The B. & M. Theocharakis Foundation for the Fine Arts and Music (Greek: Ίδρυμα Εικαστικών Τεχνών και Μουσικής Βασίλη και Μαρίνας Θεοχαράκη) is a non-profit foundation and art museum based in Athens, Greece, focusing on the promotion of Fine Arts through cultural events and exhibitions.

== History and development ==
The foundation was established in 2004 by Basil Theocharakis, a Greek businessman, art collector and painter, and his wife Marina Theocharaki who is involved with art exhibitions and publications. In 2005, the foundation acquired Rentis Building, a listed building close to the site of the Hellenic Parliament in Athens city center.
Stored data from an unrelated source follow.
lemma cpartials_laurent_coef_on_V0:
  fixes P :: "complex^('a::finite + 'b::finite option) \<Rightarrow> complex"
  assumes "Rring P"
  obtains c js where "\<And>x0. cpartials is (laurent_coef P m \<nu>) (vjoin x0 0) = c * cpartials js P (vjoin x0 0)"
proof -
  obtain a R where P: "\<And>q. mpow_expansion P (vjoin q 0) (a q) (R q)"
    using Rring_mpow_expansions_on_V0[OF assms] by blast
  define n where "n = count_list is"
  define \<mu> where "\<mu> = laurent_exponent m \<nu> (x1_part n)"
  define d where "d = triple_index n (nat \<mu>)"
  define c :: complex
    where "c = (if \<mu> \<ge> 0 then (\<Prod>i\<in>UNIV. of_nat (fact (n i))) / (\<Prod>i\<in>UNIV. of_nat (fact (d i))) else 0)"
  have "cpartials is (laurent_coef P m \<nu>) (vjoin x0 0) = c * cpartials (mlist d) P (vjoin x0 0)" for x0
  proof -
    obtain r where "mpow_expansion (laurent_coef P m \<nu>) (vjoin x0 0) (laurent_taylor_coeff P m \<nu> x0) r"
      using laurent_coef_mpow_expansion[OF P] by blast
    then have "cpartials is (laurent_coef P m \<nu>) (vjoin x0 0) =
        coeff_derivs is (laurent_taylor_coeff P m \<nu> x0) (\<lambda>_. 0)"
      by (rule mpow_expansion_center[OF mpow_expansion_cpartials])
    also have "\<dots> = (\<Prod>i\<in>UNIV. of_nat (fact (n i))) * laurent_taylor_coeff P m \<nu> x0 n"
      by (simp add: coeff_derivs_eq n_def)
    also have "\<dots> = c * cpartials (mlist d) P (vjoin x0 0)"
      by (simp add: laurent_taylor_coeff_def tcoef_def c_def d_def \<mu>_def)
    finally show ?thesis .
  qed
  then show ?thesis by (rule that)
qed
After restoration works accompanied by interior and exterior redesign occurred, the museum opened to the public on December 5, 2007, presenting a retrospective exhibition dedicated to painter Spyros Papaloukas (1892–1957).

The Foundation's main goals are:

- the promotion of Fine Arts, and Greek artists through events, exhibitions and collaborations with other cultural institutions
- Modernist art studies
- the evolution of Art through history

The bulk of its collection consisted of a large number of Papaloukas' works, mainly donated to the museum by his daughter.

== Building ==
The building housing the museum was built in the 1920s by architect Vassilis Tsagris, mainly based on the eclectic style of the Interwar period but also inspired by Art Nouveau and the so-called "Wagner School". It is known as Rentis Building, and it was acquired by the Theocharakis Foundation in 2005.